With broad support in the Republican Party, Trump still looms large within the GOP and has already begun wading into 2022 primaries. Addressing the Conservative Political Action Conference last weekend, the former president read off the names of every Republican in the House and Senate who voted to impeach or convict him, pushing to “get rid of them all.”

And last week, Trump endorsed a primary opponent for GOP Rep. Anthony Gonzalez of Ohio, who voted to impeach him. That endorsement came despite aides pushing him to focus on Democrats, not intra-party disputes.

Emmer is among the highest profile House Republicans who have thus far been willing to break with the former president on his support for candidates primarying GOP incumbents.

Emmer said that the NRCC will not openly wade into primaries under his watch, but will provide resources to GOP incumbents as part of an effort to win back a majority in the House, a victory he guaranteed in next year’s midterm elections.

The Minnesota lawmaker also further broke with the president, saying that he didn’t believe Congress had the right to object to the certification of the Electoral College votes. Emmer voted to certify the election results.

Emmer said that Congress didn’t have the power to “insert itself,” saying it can only intervene if no candidate reaches 270 electors or if states send “alternate slates of electors.”

“The Constitution, it’s a limiting document.
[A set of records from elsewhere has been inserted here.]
(* Let $1\le k<n$ and let $T\colon\mathbb{H}_n\to\mathbb{H}_n$ be a bijective $\mathbb{R}$-linear map preserving parallel pairs with respect to $w_k$. Suppose $A\in\mathbb{H}_n$ attains its $k$-numerical radius at a unique rank-$k$ orthogonal projection $Q$. Then $X=T^{-1}(A)$ either attains its $k$-numerical radius at a unique rank-$k$ orthogonal projection $P$, or $n=2k$ and the rank-$k$ orthogonal projections at which $X$ attains its $k$-numerical radius are exactly $P$ and $I-P$ for some $P$.
   Context: $\mathbb{H}_n$ is the real space of $n\times n$ Hermitian matrices. $w_k(A)=\max\{|\operatorname{tr}(AP)|: P=P^*=P^2,\operatorname{tr}P=k\}$; $A$ attains its $k$-numerical radius at a rank-$k$ orthogonal projection $P$ if $|\operatorname{tr}(AP)|=w_k(A)$. For $A,B\in\mathbb{H}_n$, $A\parallel B$ means $w_k(A+\mu B)=w_k(A)+w_k(B)$ for some $\mu\in\{1,-1\}$; $T$ preserves parallel pairs if $T(A)\parallel T(B)$ whenever $A\parallel B$. *)

theory Defs
  imports "HOL-Analysis.Analysis"
begin

definition cadj :: "complex^'n^'n \<Rightarrow> complex^'n^'n" where
  "cadj A = (\<chi> i j. cnj (A $ j $ i))"

text \<open>The set H_n of Hermitian matrices (index type 'n, n = CARD('n)).\<close>
definition herm :: "(complex^'n^'n) set" where
  "herm = {A. cadj A = A}"

definition rank_proj :: "nat \<Rightarrow> (complex^'n^'n) set" where
  "rank_proj k = {P. cadj P = P \<and> P ** P = P \<and> trace P = of_nat k}"

definition wk :: "nat \<Rightarrow> complex^'n^'n \<Rightarrow> real" where
  "wk k A = Sup {cmod (trace (A ** P)) | P. P \<in> rank_proj k}"

definition attain_set :: "nat \<Rightarrow> complex^'n^'n \<Rightarrow> (complex^'n^'n) set" where
  "attain_set k A = {P \<in> rank_proj k. cmod (trace (A ** P)) = wk k A}"

definition wk_parallel :: "nat \<Rightarrow> complex^'n^'n \<Rightarrow> complex^'n^'n \<Rightarrow> bool" where
  "wk_parallel k A B \<longleftrightarrow> (\<exists>\<mu>::real\<in>{1, -1}. wk k (A + \<mu> *\<^sub>R B) = wk k A + wk k B)"

end

theory Submission
  imports Defs
begin

text \<open>
  Two Hermitian matrices are w_k-parallel exactly when some rank-k projection attains w_k at both.
  A projection P attaining w_k(Z) commutes with Z, since otherwise rotating a unit vector of ran P
  slightly towards ker P increases |tr(ZP)|; conversely, if Z commutes with P then P attains
  w_k(Z + cP) for every c \<ge> 2\<parallel>Z\<parallel>. Hence T maps the Hermitian commutant of every projection
  attaining w_k(X) into that of Q. These commutants are unitarily conjugate, hence of equal
  dimension, so injectivity of T makes the commutants of any two attaining projections P1, P2
  equal; and a rank-k projection whose commutant contains that of P2 is P2 or, when n = 2k, I - P2.
\<close>

section \<open>Adjoints, traces and rank-one matrices\<close>

lemma cadj_cadj [simp]: "cadj (cadj A) = A"
  by (simp add: cadj_def vec_eq_iff)

lemma cadj_add [simp]: "cadj (A + B) = cadj A + cadj B"
  by (simp add: cadj_def vec_eq_iff)

lemma cadj_diff [simp]: "cadj (A - B) = cadj A - cadj B"
  by (simp add: cadj_def vec_eq_iff)

lemma cadj_scaleR [simp]: "cadj (c *\<^sub>R A) = c *\<^sub>R cadj A"
  by (simp add: cadj_def vec_eq_iff scaleR_conv_of_real scaleR_vec_def)

lemma cadj_zero [simp]: "cadj 0 = 0"
  by (simp add: cadj_def vec_eq_iff)

lemma cadj_one [simp]: "cadj (mat 1) = mat 1"
  by (simp add: cadj_def vec_eq_iff mat_def)

lemma cadj_mult: "cadj (A ** B) = cadj B ** cadj A"
  by (simp add: cadj_def vec_eq_iff matrix_matrix_mult_def mult.commute)

lemma cadj_sum: "finite I \<Longrightarrow> cadj (\<Sum>i\<in>I. F i) = (\<Sum>i\<in>I. cadj (F i))"
  by (induction I rule: finite_induct) (auto simp: cadj_def vec_eq_iff)
lemma nn_integral_pos_part_eq_layers:
  fixes g h :: "'a \<Rightarrow> real"
  assumes "sigma_finite_measure M"
    and [measurable]: "g \<in> borel_measurable M" "h \<in> borel_measurable M"
  shows "(\<integral>\<^sup>+x. ennreal (max 0 (g x - h x - b)) \<partial>M)
    = (\<integral>\<^sup>+t. emeasure M {x \<in> space M. t \<le> g x \<and> h x < t - b} \<partial>lborel)"
proof -
  interpret pair_sigma_finite M lborel
    using assms(1) by (intro pair_sigma_finite.intro sigma_finite_lborel)
  have "ennreal (max 0 (g x - h x - b)) = (\<integral>\<^sup>+t. indicator {h x + b<..g x} t \<partial>lborel)" for x
    by (cases "h x + b \<le> g x") auto
  then have "(\<integral>\<^sup>+x. ennreal (max 0 (g x - h x - b)) \<partial>M)
      = (\<integral>\<^sup>+x. (\<integral>\<^sup>+t. indicator {h x + b<..g x} t \<partial>lborel) \<partial>M)"
    by simp
  also have "\<dots> = (\<integral>\<^sup>+t. (\<integral>\<^sup>+x. indicator {h x + b<..g x} t \<partial>M) \<partial>lborel)"
    by (rule Fubini'[symmetric]) (simp add: indicator_def, measurable)
  also have "\<dots> = (\<integral>\<^sup>+t. emeasure M {x \<in> space M. t \<le> g x \<and> h x < t - b} \<partial>lborel)"
  proof (intro nn_integral_cong)
    fix t :: real
    have "(\<integral>\<^sup>+x. indicator {h x + b<..g x} t \<partial>M)
        = (\<integral>\<^sup>+x. indicator {x \<in> space M. t \<le> g x \<and> h x < t - b} x \<partial>M)"
      by (intro nn_integral_cong) (auto simp: indicator_def)
    then show "(\<integral>\<^sup>+x. indicator {h x + b<..g x} t \<partial>M)
        = emeasure M {x \<in> space M. t \<le> g x \<and> h x < t - b}"
      by simp
  qed
  finally show ?thesis .
qed

lemma nn_integral_two_sided_hinge_eq_layers:
  fixes \<rho> :: "(real \<times> real) measure"
  assumes sets: "sets \<rho> = sets borel" and "sigma_finite_measure \<rho>"
  shows "(\<integral>\<^sup>+xy. two_sided_hinge (fst xy - snd xy) b \<partial>\<rho>)
    = (\<integral>\<^sup>+t. emeasure \<rho> {xy. t \<le> fst xy \<and> snd xy < t - b} \<partial>lborel)
      + (\<integral>\<^sup>+t. emeasure \<rho> {xy. t \<le> snd xy \<and> fst xy < t - b} \<partial>lborel)"
proof -
  have [measurable]: "fst \<in> borel_measurable \<rho>" "snd \<in> borel_measurable \<rho>"
    by (simp_all add: measurable_cong_sets[OF sets refl] borel_prod[symmetric])
  have space: "space \<rho> = UNIV" using sets_eq_imp_space_eq[OF sets] by simp
  have "(\<integral>\<^sup>+xy. two_sided_hinge (fst xy - snd xy) b \<partial>\<rho>)
      = (\<integral>\<^sup>+xy. ennreal (max 0 (fst xy - snd xy - b)) \<partial>\<rho>)
        + (\<integral>\<^sup>+xy. ennreal (max 0 (snd xy - fst xy - b)) \<partial>\<rho>)"
    unfolding two_sided_hinge_def by (subst nn_integral_add[symmetric]) simp_all
  also have "\<dots> = (\<integral>\<^sup>+t. emeasure \<rho> {xy. t \<le> fst xy \<and> snd xy < t - b} \<partial>lborel)
      + (\<integral>\<^sup>+t. emeasure \<rho> {xy. t \<le> snd xy \<and> fst xy < t - b} \<partial>lborel)"
    using nn_integral_pos_part_eq_layers[OF assms(2), of fst snd b]
      nn_integral_pos_part_eq_layers[OF assms(2), of snd fst b]
    by (simp add: space)
  finally show ?thesis .
qed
I mean, there’s a reason why one of the amendments speaks directly to the fact that any power that’s not expressly enumerated to the federal government, is reserved to the states,” he said. “I would encourage Democrats and Republicans alike that as we go forward, we should always follow this.”

He avoided saying that votes against certifying last November’s election results were explicitly unconstitutional, but said others should reevaluate.

“Everybody has the right to their opinion,” Emmer said. “I think we all perhaps as we go forward should re-examine what the Constitution says.”

But the NRCC chairman stopped short of saying Trump and Republicans should stop pushing false claims that Trump won the election.

“All of us together are going to make sure we’re going to restore integrity to our elections so that people will trust that their votes are being counted and the outcome is the fair and transparent result,” Emmer said.

Emmer added that Republicans should “celebrate” Trump’s policies going forward, saying they brought Republicans “a lot of new voters.” Emmer specifically pointed to Trump’s policies on energy, immigration and his “America First” agenda.

“Look at what his administration did,” Emmer said. “Hugely popular.”

A week after Democratic Congressional Campaign Committee Chair Sean Patrick Maloney told Bade and Daniels that GOP efforts to brand Democrats as socialists were a “Republican caricature,” Emmer argued it was a truthful portrayal.

“We’re going to be very honest. When your conference is headed down the direction with this radical socialist left agenda…and you’re not standing up to fight it…you’re going to own it. You’re going to own the entire agenda,” Emmer said. “This isn’t one or two or three or four members.” Maloney had argued these sorts of criticisms were misrepresenting Democrats as a whole.

“There’s always going to be one or two members of any congressional caucus that say things that don’t represent the majority position,” Maloney said.

Rachael Bade contributed to this report.